WHAT NEEDS TO BE DONE :: Pick out every line of the entries below where "metis" occurs, and copy those lines.
"""
(* Let $\Pi$, $y_n$, $\rho$, $\gamma$ be as in the context and $r>0$. The system of equations \[b_n=y_n-\frac1\gamma+\frac{\rho}{r\gamma}-\frac{1}{\gamma r}\sum_{n'=1}^N\pi_{nn'}e^{\gamma(b_n-b_{n'})},\quad n\in\{1,\dots,N\},\] has a unique solution $(b_1,\dots,b_N)\in\mathbb R^N$. The solution varies continuously with $r>0$, and $\min_n b_n\to\infty$ as $r$ decreases to zero.
   Context: $\Pi=(\pi_{nn'})$ is an $N\times N$ irreducible infinitesimal generator matrix (nonnegative off-diagonal entries, rows summing to zero, and for every nonempty proper subset $\mathcal M\subset\{1,\dots,N\}$ there are $n\in\mathcal M$, $n'\notin\mathcal M$ with $\pi_{nn'}\ne0$). $y_1,\dots,y_N$ are real numbers and $\rho,\gamma>0$. *)

theory Defs
  imports "HOL-Analysis.Analysis"
begin

text \<open>States are the elements of a finite type 'n (so N = CARD('n) >= 1).
  A generator matrix Pi is a function 'n => 'n => real.\<close>

definition generator :: "('n::finite \<Rightarrow> 'n \<Rightarrow> real) \<Rightarrow> bool" where
  "generator P \<longleftrightarrow> (\<forall>n n'. n \<noteq> n' \<longrightarrow> P n n' \<ge> 0) \<and> (\<forall>n. (\<Sum>n'\<in>UNIV. P n n') = 0)"

definition irreducible_gen :: "('n::finite \<Rightarrow> 'n \<Rightarrow> real) \<Rightarrow> bool" where
  "irreducible_gen P \<longleftrightarrow> generator P \<and>
     (\<forall>M. M \<noteq> {} \<and> M \<noteq> UNIV \<longrightarrow> (\<exists>n\<in>M. \<exists>n'. n' \<notin> M \<and> P n n' \<noteq> 0))"

definition solves :: "('n::finite \<Rightarrow> 'n \<Rightarrow> real) \<Rightarrow> ('n \<Rightarrow> real) \<Rightarrow> real \<Rightarrow> real \<Rightarrow> real \<Rightarrow> real^'n \<Rightarrow> bool" where
  "solves P y \<rho> \<gamma> r b \<longleftrightarrow> (\<forall>n. b $ n = y n - 1 / \<gamma> + \<rho> / (r * \<gamma>)
      - 1 / (\<gamma> * r) * (\<Sum>n'\<in>UNIV. P n n' * exp (\<gamma> * (b $ n - b $ n'))))"

end

(*
  Multiplying the n-th equation by gamma r turns the system into
    gamma r b_n + sum_n' pi_nn' phi (b_n - b_n') = f_n,   phi x = exp (gamma x).
  Since pi_nn' >= 0 for n' ~= n, the rows of Pi sum to zero and phi is nondecreasing, the coupling
  sum is monotone in the differences b_n - b_n' and vanishes on constant vectors. Evaluating both
  systems at a coordinate where b - c is maximal gives the comparison principle
  max (b - c) <= max (f - g) / (gamma r) for a subsolution b and a supersolution c. It yields
  uniqueness, Lipschitz dependence of the solution on the data (hence continuity in r), and the
  lower bound b_n >= min y - 1/gamma + rho/(gamma r), which tends to infinity as r -> 0.
  Existence is Perron's method: among the subsolutions bounded below by a constant subsolution,
  one maximizing sum_n b_n is a solution, because a row with strict inequality could be raised.
*)
theory Submission
  imports Defs "HOL-Real_Asymp.Real_Asymp"
begin

lemma finite_ex_argmax: "\<exists>x. \<forall>y. (f :: 'a::finite \<Rightarrow> 'b::linorder) y \<le> f x"
proof -
  have "Max (range f) \<in> range f" by (rule Max_in) auto
  then obtain x where "f x = Max (range f)" by (metis imageE)
  then show ?thesis by (intro exI[of _ x]) simp
qed

definition coupling :: "('n::finite \<Rightarrow> 'n \<Rightarrow> real) \<Rightarrow> (real \<Rightarrow> real) \<Rightarrow> real^'n \<Rightarrow> 'n \<Rightarrow> real" where
  "coupling P \<phi> b n = (\<Sum>n'\<in>UNIV. P n n' * \<phi> (b$n - b$n'))"

lemma coupling_const:
  assumes "generator P"
  shows "coupling P \<phi> (\<chi> _. k) n = 0"
proof -
  have "coupling P \<phi> (\<chi> _. k) n = (\<Sum>n'\<in>UNIV. P n n') * \<phi> 0"
    by (simp add: coupling_def sum_distrib_right)
  then show ?thesis using assms by (simp add: generator_def)
qed

lemma coupling_mono:
  assumes "generator P" "mono \<phi>" "\<forall>n'. c$n - c$n' \<le> b$n - b$n'"
  shows "coupling P \<phi> c n \<le> coupling P \<phi> b n"
  unfolding coupling_def
proof (rule sum_mono)
  fix n'
  show "P n n' * \<phi> (c$n - c$n') \<le> P n n' * \<phi> (b$n - b$n')"
  proof (cases "n' = n")
    case False
    then have "P n n' \<ge> 0" using assms(1) by (simp add: generator_def)
    moreover have "\<phi> (c$n - c$n') \<le> \<phi> (b$n - b$n')" using assms(2,3) by (simp add: monoD)
    ultimately show ?thesis by (rule mult_left_mono[rotated])
  qed simp
qed

lemma coupled_comparison:
  assumes "generator P" "mono \<phi>" "a > 0"
    and sub: "\<forall>n. a * b$n + coupling P \<phi> b n \<le> f n"
    and super: "\<forall>n. g n \<le> a * c$n + coupling P \<phi> c n"
    and "\<forall>n. f n - g n \<le> d"
  shows "b$m - c$m \<le> d / a"
proof -
  obtain n0 where n0: "\<forall>n. b$n - c$n \<le> b$n0 - c$n0"
    using finite_ex_argmax[of "\<lambda>n. b$n - c$n"] by blast
  have "coupling P \<phi> c n0 \<le> coupling P \<phi> b n0"
    using n0 by (intro coupling_mono[OF assms(1,2)]) (smt (verit))
  moreover have "a * (b$n0 - c$n0) \<le> f n0 - g n0 - (coupling P \<phi> b n0 - coupling P \<phi> c n0)"
    using sub[rule_format, of n0] super[rule_format, of n0] unfolding right_diff_distrib by linarith
  ultimately have "a * (b$n0 - c$n0) \<le> d"
    using assms(6) by (smt (verit))
  then have "b$n0 - c$n0 \<le> d / a" using assms(3) by (simp add: field_simps)
  then show ?thesis using n0 by (smt (verit))
qed

lemma coupled_lower_bound:
  assumes "generator P" "mono \<phi>" "a > 0"
    and "\<forall>n. a * k \<le> f n" and "\<forall>n. f n \<le> a * b$n + coupling P \<phi> b n"
  shows "k \<le> b$m"
  using coupled_comparison[OF assms(1-3), of "\<chi> _. k" "\<lambda>_. a * k" f b 0 m] assms(4,5)
  by (simp add: coupling_const[OF assms(1)])

lemma coupled_upper_bound:
  assumes "generator P" "mono \<phi>" "a > 0"
    and "\<forall>n. a * b$n + coupling P \<phi> b n \<le> f n" and "\<forall>n. f n \<le> a * k"
  shows "b$m \<le> k"
  using coupled_comparison[OF assms(1-3), of b f "\<lambda>_. a * k" "\<chi> _. k" 0 m] assms(4,5)
  by (simp add: coupling_const[OF assms(1)])

lemma coupled_solution_dist:
  assumes "generator P" "mono \<phi>" "a > 0"
    and "\<forall>n. a * b$n + coupling P \<phi> b n = f n" and "\<forall>n. a * c$n + coupling P \<phi> c n = g n"
    and "\<forall>n. \<bar>f n - g n\<bar> \<le> d"
  shows "\<bar>b$m - c$m\<bar> \<le> d / a"
proof -
  have "b$m - c$m \<le> d / a"
    using assms by (intro coupled_comparison[OF assms(1-3), of b f g]) (auto simp: abs_le_iff)
  moreover have "c$m - b$m \<le> d / a"
    using assms by (intro coupled_comparison[OF assms(1-3), of c g f]) (auto simp: abs_le_iff)
  ultimately show ?thesis by linarith
qed

lemma coupled_solution_unique:
  assumes "generator P" "mono \<phi>" "a > 0"
    and "\<forall>n. a * b$n + coupling P \<phi> b n = f n" and "\<forall>n. a * c$n + coupling P \<phi> c n = f n"
  shows "b = c"
  using coupled_solution_dist[OF assms, of 0] by (simp add: vec_eq_iff)

lemma coupled_subsolution_raise:
  assumes "generator P" "mono \<phi>" "continuous_on UNIV \<phi>"
    and sub: "\<forall>m. a * b$m + coupling P \<phi> b m \<le> f m"
    and strict: "a * b$n + coupling P \<phi> b n < f n"
  shows "\<exists>t>0. \<forall>m. a * (b + t *\<^sub>R axis n 1)$m + coupling P \<phi> (b + t *\<^sub>R axis n 1) m \<le> f m"
proof -
  define v where "v t = b + t *\<^sub>R axis n 1" for t
  define row where "row t = a * v t $ n + coupling P \<phi> (v t) n" for t
  have "continuous_on UNIV row"
    unfolding row_def v_def coupling_def
    by (intro continuous_intros continuous_on_compose2[OF assms(3)]) auto
  then have "(row \<longlongrightarrow> row 0) (at_right 0)"
    by (metis continuous_on_eq_continuous_at isCont_def open_UNIV UNIV_I tendsto_within_subset subset_UNIV)
  moreover have "row 0 < f n" using strict by (simp add: row_def v_def)
  ultimately have "\<forall>\<^sub>F t in at_right 0. 0 < t \<and> row t < f n"
    using order_tendstoD(2) eventually_at_right_less eventually_conj by blast
  then obtain t where t: "t > 0" "row t < f n"
    using eventually_happens'[OF trivial_limit_at_right_real] by blast
  have "a * v t $ m + coupling P \<phi> (v t) m \<le> f m" for m
  proof (cases "m = n")
    case True then show ?thesis using t by (simp add: row_def)
  next
    case False
    have "coupling P \<phi> (v t) m \<le> coupling P \<phi> b m"
      using False t by (intro coupling_mono[OF assms(1,2)]) (simp add: v_def axis_def)
    moreover have "v t $ m = b $ m" using False by (simp add: v_def axis_def)
    ultimately show ?thesis using sub by (smt (verit))
  qed
  then show ?thesis using t unfolding v_def by blast
qed

lemma coupled_solution_exists:
  assumes "generator P" "mono \<phi>" "continuous_on UNIV \<phi>" "a > 0"
  shows "\<exists>b. \<forall>n. a * b$n + coupling P \<phi> b n = f n"
proof -
  define lo where "lo = Min (range f) / a"
  define hi where "hi = Max (range f) / a"
  define S where "S = {b. \<forall>n. a * b$n + coupling P \<phi> b n \<le> f n \<and> lo \<le> b$n}"
  have "closed S"
    unfolding S_def coupling_def
    by (intro closed_Collect_all closed_Collect_conj closed_Collect_le continuous_intros
        continuous_on_compose2[OF assms(3)]) auto
  moreover have "S \<subseteq> cbox (\<chi> _. lo) (\<chi> _. hi)"
  proof
    fix b assume "b \<in> S"
    moreover have "\<forall>n. f n \<le> a * hi" using assms(4) by (simp add: hi_def)
    ultimately show "b \<in> cbox (\<chi> _. lo) (\<chi> _. hi)"
      unfolding S_def mem_box_cart using coupled_upper_bound[OF assms(1,2,4), of b f hi] by auto
  qed
  ultimately have "compact S"
    by (metis bounded_cbox bounded_subset compact_eq_bounded_closed)
  moreover have "(\<chi> _. lo) \<in> S"
    using assms(4) by (simp add: S_def lo_def coupling_const[OF assms(1)])
  then have "S \<noteq> {}" by blast
  moreover have "continuous_on S (\<lambda>b. \<Sum>i\<in>UNIV. b$i)" by (intro continuous_intros)
  ultimately obtain bs where bs: "bs \<in> S" and bs_max: "\<forall>b\<in>S. (\<Sum>i\<in>UNIV. b$i) \<le> (\<Sum>i\<in>UNIV. bs$i)"
    using continuous_attains_sup by blast
  have "a * bs$n + coupling P \<phi> bs n = f n" for n
  proof (rule ccontr)
    assume "a * bs$n + coupling P \<phi> bs n \<noteq> f n"
    with bs have "a * bs$n + coupling P \<phi> bs n < f n" by (simp add: S_def order_less_le)
    with bs obtain t where t: "t > 0"
      and t_sub: "\<forall>m. a * (bs + t *\<^sub>R axis n 1)$m + coupling P \<phi> (bs + t *\<^sub>R axis n 1) m \<le> f m"
      using coupled_subsolution_raise[OF assms(1-3)] unfolding S_def by blast
    have "bs + t *\<^sub>R axis n 1 \<in> S"
      using bs t t_sub by (simp add: S_def axis_def add_increasing2)
    moreover have "(\<Sum>i\<in>UNIV. (bs + t *\<^sub>R axis n 1)$i) = (\<Sum>i\<in>UNIV. bs$i) + t"
      by (simp add: axis_def sum.distrib flip: sum_distrib_left)
    ultimately show False using bs_max t by fastforce
  qed
  then show ?thesis by blast
qed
"""
SOLUTION TO THE PROBLEM ::
  then obtain x where "f x = Max (range f)" by (metis imageE)
    by (metis continuous_on_eq_continuous_at isCont_def open_UNIV UNIV_I tendsto_within_subset subset_UNIV)
    by (metis bounded_cbox bounded_subset compact_eq_bounded_closed)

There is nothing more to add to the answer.